(* Let $\ell$ be a positive integer and let $p_1,\dots,p_\ell$ be integers with $j\le p_j\le j(j+1)$ for all $j$ such that the $\ell\times\ell$ matrix $A$ with $A_{ij}=C_{p_j}(i)$ ($i,j\in[\ell]$) is invertible. Let $\mathbf x^\star$ be the solution of $A\mathbf x=\mathbf y$ where $y_i=i$ for $i\in[\ell]$. Then $|x^\star_i|\le\ell^{O(\ell^4)}$ for all $i$.
   Context: For a positive integer $p$ and $y\ge0$, $C_p(y)=p\,(1-(1-1/p)^y)$. *)

theory Defs
  imports Complex_Main "Jordan_Normal_Form.Matrix"
begin

definition Cfun :: "nat \<Rightarrow> nat \<Rightarrow> real" where
  "Cfun p y = real p * (1 - (1 - 1 / real p) ^ y)"

text \<open>The l x l matrix A with A_{ij} = C_{p_j}(i), i,j in [l] (stored 0-indexed).\<close>
definition Amat :: "nat \<Rightarrow> (nat \<Rightarrow> nat) \<Rightarrow> real mat" where
  "Amat l p = mat l l (\<lambda>(i, j). Cfun (p (j + 1)) (i + 1))"

definition yvec :: "nat \<Rightarrow> real vec" where
  "yvec l = vec l (\<lambda>i. real (i + 1))"

end

(*
  By Cramer's rule x_i = det A_i / det A, where A_i is A with column i replaced by y.
  Since 0 <= C_p(y) <= y, all entries of A_i lie in [0, l], so |det A_i| <= l! l^l.
  For the denominator, C_q(y+1) q^y = q^(y+1) - (q-1)^(y+1) is an integer, so scaling
  column j by p_j^(l-1) turns A into an integer matrix with nonzero determinant; hence
  |det A| * prod_j p_j^(l-1) >= 1, and p_j <= l(l+1) <= l^3 bounds this product by l^(3l(l-1)).
*)
theory Submission imports Defs "Jordan_Normal_Form.Determinant" begin

lemma det_nonzero_if_invertible_mat:
  fixes A :: "'a::comm_ring_1 mat"
  assumes "invertible_mat A"
  shows "det A \<noteq> 0"
proof -
  obtain n where A: "A \<in> carrier_mat n n"
    using assms unfolding invertible_mat_def square_mat.simps by blast
  from assms obtain B where AB: "A * B = 1\<^sub>m n" and BA: "B * A = 1\<^sub>m (dim_row B)"
    unfolding invertible_mat_def inverts_mat_def using A by auto
  have "B \<in> carrier_mat n n"
    using arg_cong[OF AB, of dim_col] arg_cong[OF BA, of dim_col] A by auto
  with AB A have "det A * det B = 1" by (metis det_mult det_one)
  then show ?thesis by auto
qed

lemma det_in_Ints:
  assumes A: "A \<in> carrier_mat n n" and int: "\<And>i j. i < n \<Longrightarrow> j < n \<Longrightarrow> A $$ (i, j) \<in> \<int>"
  shows "det A \<in> \<int>"
  unfolding det_def'[OF A] by (intro Ints_sum Ints_mult Ints_prod int) (auto intro: permutes_in_image)

lemma abs_det_le_fact_mult_power:
  fixes A :: "real mat"
  assumes A: "A \<in> carrier_mat n n" and b: "\<And>i j. i < n \<Longrightarrow> j < n \<Longrightarrow> \<bar>A $$ (i, j)\<bar> \<le> B"
  shows "\<bar>det A\<bar> \<le> fact n * B ^ n"
proof -
  have "\<bar>det A\<bar> \<le> (\<Sum>p\<in>{p. p permutes {0..<n}}. \<bar>signof p * (\<Prod>i = 0..<n. A $$ (i, p i))\<bar>)"
    unfolding det_def'[OF A] by (rule sum_abs)
  also have "\<dots> \<le> (\<Sum>p\<in>{p. p permutes {0..<n}}. B ^ n)"
  proof (rule sum_mono)
    fix p assume "p \<in> {p. p permutes {0..<n}}"
    then have p: "p permutes {0..<n}" by simp
    have "\<bar>signof p * (\<Prod>i = 0..<n. A $$ (i, p i))\<bar> = (\<Prod>i = 0..<n. \<bar>A $$ (i, p i)\<bar>)"
      by (simp add: abs_mult abs_prod sign_def)
    also have "\<dots> \<le> (\<Prod>i = 0..<n. B)"
      by (rule prod_mono) (use b permutes_in_image[OF p] in auto)
    finally show "\<bar>signof p * (\<Prod>i = 0..<n. A $$ (i, p i))\<bar> \<le> B ^ n" by simp
  qed
  also have "\<dots> = fact n * B ^ n"
    using card_permutations[of "{0..<n}" n] by simp
  finally show ?thesis .
qed

lemma det_mult_cols:
  fixes A :: "'a::comm_ring_1 mat"
  assumes A: "A \<in> carrier_mat n n"
  shows "det (mat n n (\<lambda>(i, j). A $$ (i, j) * f j)) = det A * (\<Prod>j<n. f j)"
proof -
  have "det (mat n n (\<lambda>(i, j). A $$ (i, j) * f j)) =
      (\<Sum>p\<in>{p. p permutes {0..<n}}. signof p * (\<Prod>i = 0..<n. A $$ (i, p i) * f (p i)))"
    by (subst det_def'[of _ n]) (auto intro!: sum.cong prod.cong permutes_in_image)
  also have "\<dots> = (\<Sum>p\<in>{p. p permutes {0..<n}}. signof p * (\<Prod>i = 0..<n. A $$ (i, p i)) * (\<Prod>j<n. f j))"
  proof (rule sum.cong[OF refl])
    fix p assume "p \<in> {p. p permutes {0..<n}}"
    then have "(\<Prod>i = 0..<n. f (p i)) = (\<Prod>j<n. f j)"
      using prod.permute[of p "{0..<n}" f] by (simp add: comp_def atLeast0LessThan)
    then show "signof p * (\<Prod>i = 0..<n. A $$ (i, p i) * f (p i)) =
        signof p * (\<Prod>i = 0..<n. A $$ (i, p i)) * (\<Prod>j<n. f j)"
      by (simp add: prod.distrib mult.assoc)
  qed
  also have "\<dots> = det A * (\<Prod>j<n. f j)"
    by (simp add: det_def'[OF A] sum_distrib_right)
  finally show ?thesis .
qed

lemma one_le_abs_det_mult_prod_if_cols_scale_to_Ints:
  fixes A :: "real mat"
  assumes A: "A \<in> carrier_mat n n" and "det A \<noteq> 0" and "\<And>j. j < n \<Longrightarrow> s j \<noteq> 0"
    and int: "\<And>i j. i < n \<Longrightarrow> j < n \<Longrightarrow> A $$ (i, j) * s j \<in> \<int>"
  shows "1 \<le> \<bar>det A * (\<Prod>j<n. s j)\<bar>"
proof (rule Ints_nonzero_abs_ge1)
  show "det A * (\<Prod>j<n. s j) \<in> \<int>"
    unfolding det_mult_cols[OF A, symmetric] by (rule det_in_Ints) (auto intro: int)
  show "det A * (\<Prod>j<n. s j) \<noteq> 0"
    using assms(2,3) by simp
qed

lemma abs_vec_index_le_by_cramer:
  fixes A :: "real mat"
  assumes A: "A \<in> carrier_mat n n" and x: "x \<in> carrier_vec n" and i: "i < n"
    and bound: "\<And>a b. a < n \<Longrightarrow> b < n \<Longrightarrow> \<bar>replace_col A (A *\<^sub>v x) i $$ (a, b)\<bar> \<le> B"
    and det: "1 \<le> \<bar>det A\<bar> * P"
  shows "\<bar>x $ i\<bar> \<le> fact n * B ^ n * P"
proof -
  have R: "replace_col A (A *\<^sub>v x) i \<in> carrier_mat n n"
    using A by (simp add: replace_col_def)
  have P: "P \<ge> 0"
  proof (rule ccontr)
    assume "\<not> P \<ge> 0"
    then have "\<bar>det A\<bar> * P \<le> 0"
      by (simp add: mult_nonneg_nonpos)
    with det show False by simp
  qed
  have "\<bar>x $ i\<bar> \<le> \<bar>x $ i\<bar> * (\<bar>det A\<bar> * P)"
    using mult_left_mono[OF det, of "\<bar>x $ i\<bar>"] by simp
  also have "\<dots> = \<bar>det (replace_col A (A *\<^sub>v x) i)\<bar> * P"
    by (simp add: cramer_lemma_mat[OF A x i] abs_mult)
  also have "\<dots> \<le> fact n * B ^ n * P"
    using abs_det_le_fact_mult_power[OF R bound] P by (rule mult_right_mono)
  finally show ?thesis .
qed

lemma Cfun_nonneg:
  assumes "q > 0"
  shows "0 \<le> Cfun q y"
proof -
  have "(1 - 1 / real q) ^ y \<le> 1"
    using assms by (intro power_le_one) (auto simp: field_simps)
  then show ?thesis unfolding Cfun_def by simp
qed

lemma Cfun_le:
  assumes "q > 0"
  shows "Cfun q y \<le> real y"
proof -
  have "1 + real y * (- (1 / real q)) \<le> (1 + - (1 / real q)) ^ y"
    by (rule Bernoulli_inequality) (use assms in \<open>auto simp: field_simps\<close>)
  then have "real q * (1 - (1 - 1 / real q) ^ y) \<le> real q * (real y / real q)"
    using assms by (intro mult_left_mono) auto
  then show ?thesis unfolding Cfun_def using assms by simp
qed

lemma Cfun_Suc_mult_power:
  assumes "q > 0"
  shows "Cfun q (Suc y) * real q ^ y = real q ^ Suc y - (real q - 1) ^ Suc y"
  using assms by (simp add: Cfun_def field_simps power_divide)

lemma Amat_carrier: "Amat l p \<in> carrier_mat l l"
  by (simp add: Amat_def)

lemma Amat_index: "a < l \<Longrightarrow> b < l \<Longrightarrow> Amat l p $$ (a, b) = Cfun (p (b + 1)) (a + 1)"
  by (simp add: Amat_def)

lemma Amat_mult_power_in_Ints:
  assumes "a < l" "b < l" "p (b + 1) > 0"
  shows "Amat l p $$ (a, b) * real (p (b + 1)) ^ (l - 1) \<in> \<int>"
proof -
  define q where "q = p (b + 1)"
  have "real q ^ (l - 1) = real q ^ (l - 1 - a) * real q ^ a"
    using assms(1) by (simp flip: power_add)
  then have "Amat l p $$ (a, b) * real q ^ (l - 1) =
      real q ^ (l - 1 - a) * (real q ^ Suc a - (real q - 1) ^ Suc a)"
    using Cfun_Suc_mult_power[of q a] assms by (simp add: Amat_index q_def)
  also have "\<dots> \<in> \<int>"
    by (intro Ints_mult Ints_diff Ints_power) auto
  finally show ?thesis by (simp add: q_def)
qed

lemma power_le_cube_power:
  assumes "q \<le> l * (l + 1)"
  shows "real q ^ (l - 1) \<le> real l ^ (3 * (l - 1))"
proof (cases "l \<le> 1")
  case False
  then have "2 * l \<le> l * l"
    by (intro mult_le_mono1) simp
  then have "l + 1 \<le> l * l"
    using False by linarith
  then have "q \<le> l ^ 3"
    using assms by (metis mult_le_mono2 order_trans power3_eq_cube mult.assoc)
  then have "real q ^ (l - 1) \<le> (real l ^ 3) ^ (l - 1)"
    by (intro power_mono) (auto simp flip: of_nat_power)
  then show ?thesis by (simp add: power_mult)
qed auto

lemma fact_mult_powers_le:
  assumes "1 \<le> l"
  shows "fact l * real l ^ l * real l ^ (3 * (l - 1) * l) \<le> real l ^ (5 * l ^ 4)"
proof -
  have "fact l * real l ^ l * real l ^ (3 * (l - 1) * l) \<le> real l ^ l * real l ^ l * real l ^ (3 * (l - 1) * l)"
    using fact_le_power[of l] by (intro mult_right_mono) auto
  also have "\<dots> = real l ^ (l + l + 3 * (l - 1) * l)"
    by (simp only: power_add)
  also have "\<dots> \<le> real l ^ (5 * l ^ 4)"
  proof (rule power_increasing)
    have "l \<le> l ^ 4" "l * l \<le> l ^ 4"
      using assms power_increasing[of 1 4 l] power_increasing[of 2 4 l] by (auto simp: power2_eq_square)
    moreover have "(l - 1) * l \<le> l * l" by simp
    ultimately show "l + l + 3 * (l - 1) * l \<le> 5 * l ^ 4" by linarith
  qed (use assms in simp)
  finally show ?thesis .
qed

lemma bounds_if_between_index_and_pronic:
  fixes p :: "nat \<Rightarrow> nat"
  assumes p: "\<forall>j\<in>{1..l}. j \<le> p j \<and> p j \<le> j * (j + 1)" and b: "b < l"
  shows "0 < p (b + 1)" "p (b + 1) \<le> l * (l + 1)"
proof -
  have "b + 1 \<in> {1..l}"
    using b by simp
  with p have "b + 1 \<le> p (b + 1) \<and> p (b + 1) \<le> (b + 1) * (b + 1 + 1)"
    by blast
  moreover have "(b + 1) * (b + 1 + 1) \<le> l * (l + 1)"
    using b by (intro mult_le_mono) auto
  ultimately show "0 < p (b + 1)" "p (b + 1) \<le> l * (l + 1)" by auto
qed

lemma abs_Amat_solution_le:
  assumes l: "1 \<le> l" and p: "\<forall>j\<in>{1..l}. j \<le> p j \<and> p j \<le> j * (j + 1)"
    and inv: "invertible_mat (Amat l p)" and x: "dim_vec x = l"
    and sol: "Amat l p *\<^sub>v x = yvec l" and i: "i < l"
  shows "\<bar>x $ i\<bar> \<le> real l ^ (5 * l ^ 4)"
proof -
  define A where "A = Amat l p"
  define P where "P = (\<Prod>b<l. real (p (b + 1)) ^ (l - 1))"
  have A: "A \<in> carrier_mat l l"
    by (simp add: A_def Amat_carrier)
  have p_pos: "p (b + 1) > 0" and p_le: "p (b + 1) \<le> l * (l + 1)" if "b < l" for b
    using bounds_if_between_index_and_pronic[OF p that] by auto
  have "1 \<le> \<bar>det A * P\<bar>"
    unfolding P_def A_def
  proof (rule one_le_abs_det_mult_prod_if_cols_scale_to_Ints[OF Amat_carrier])
    show "det (Amat l p) \<noteq> 0"
      by (rule det_nonzero_if_invertible_mat[OF inv])
  qed (use p_pos Amat_mult_power_in_Ints in auto)
  moreover have "P \<ge> 0"
    unfolding P_def by (intro prod_nonneg) auto
  ultimately have det: "1 \<le> \<bar>det A\<bar> * P"
    by (simp add: abs_mult)
  have entries: "\<bar>replace_col A (A *\<^sub>v x) i $$ (a, b)\<bar> \<le> real l" if "a < l" "b < l" for a b
  proof (cases "b = i")
    case True
    then show ?thesis
      using that A by (simp add: sol A_def replace_col_def yvec_def)
  next
    case False
    have "0 \<le> Cfun (p (b + 1)) (a + 1)" "Cfun (p (b + 1)) (a + 1) \<le> real (a + 1)"
      using Cfun_nonneg Cfun_le p_pos[OF that(2)] by blast+
    with False that A show ?thesis
      by (simp add: replace_col_def A_def Amat_index)
  qed
  have "\<bar>x $ i\<bar> \<le> fact l * real l ^ l * P"
    by (rule abs_vec_index_le_by_cramer[OF A _ i entries det]) (use x in auto)
  also have "P \<le> (\<Prod>b<l. real l ^ (3 * (l - 1)))"
    unfolding P_def by (intro prod_mono conjI power_le_cube_power p_le) auto
  then have "fact l * real l ^ l * P \<le> fact l * real l ^ l * real l ^ (3 * (l - 1) * l)"
    by (intro mult_left_mono) (auto simp: power_mult)
  also have "\<dots> \<le> real l ^ (5 * l ^ 4)"
    by (rule fact_mult_powers_le[OF l])
  finally show ?thesis .
qed

theorem lemma11:
  "\<exists>c::real. c > 0 \<and>
     (\<forall>(l::nat) (p::nat \<Rightarrow> nat) (x::real vec).
        l \<ge> 1 \<longrightarrow>
        (\<forall>j\<in>{1..l}. j \<le> p j \<and> p j \<le> j * (j + 1)) \<longrightarrow>
        invertible_mat (Amat l p) \<longrightarrow>
        dim_vec x = l \<longrightarrow>
        Amat l p *\<^sub>v x = yvec l \<longrightarrow>
        (\<forall>i<l. \<bar>x $ i\<bar> \<le> real l powr (c * real l ^ 4)))"
proof (intro exI[of _ 5] conjI allI impI)
  fix l p x i
  assume l: "1 \<le> l" and hyps: "\<forall>j\<in>{1..l}. j \<le> p j \<and> p j \<le> j * (j + 1)"
    "invertible_mat (Amat l p)" "dim_vec x = l" "Amat l p *\<^sub>v x = yvec l" "i < l"
  have "real l powr (5 * real l ^ 4) = real l powr real (5 * l ^ 4)"
    by simp
  also have "\<dots> = real l ^ (5 * l ^ 4)"
    using l by (intro powr_realpow) simp
  finally show "\<bar>x $ i\<bar> \<le> real l powr (5 * real l ^ 4)"
    using abs_Amat_solution_le[OF l hyps] by simp
qed simp

end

_Task_.
How many lines in the records hold the string "definition"? Answer with only that number.

_Written answer_.
3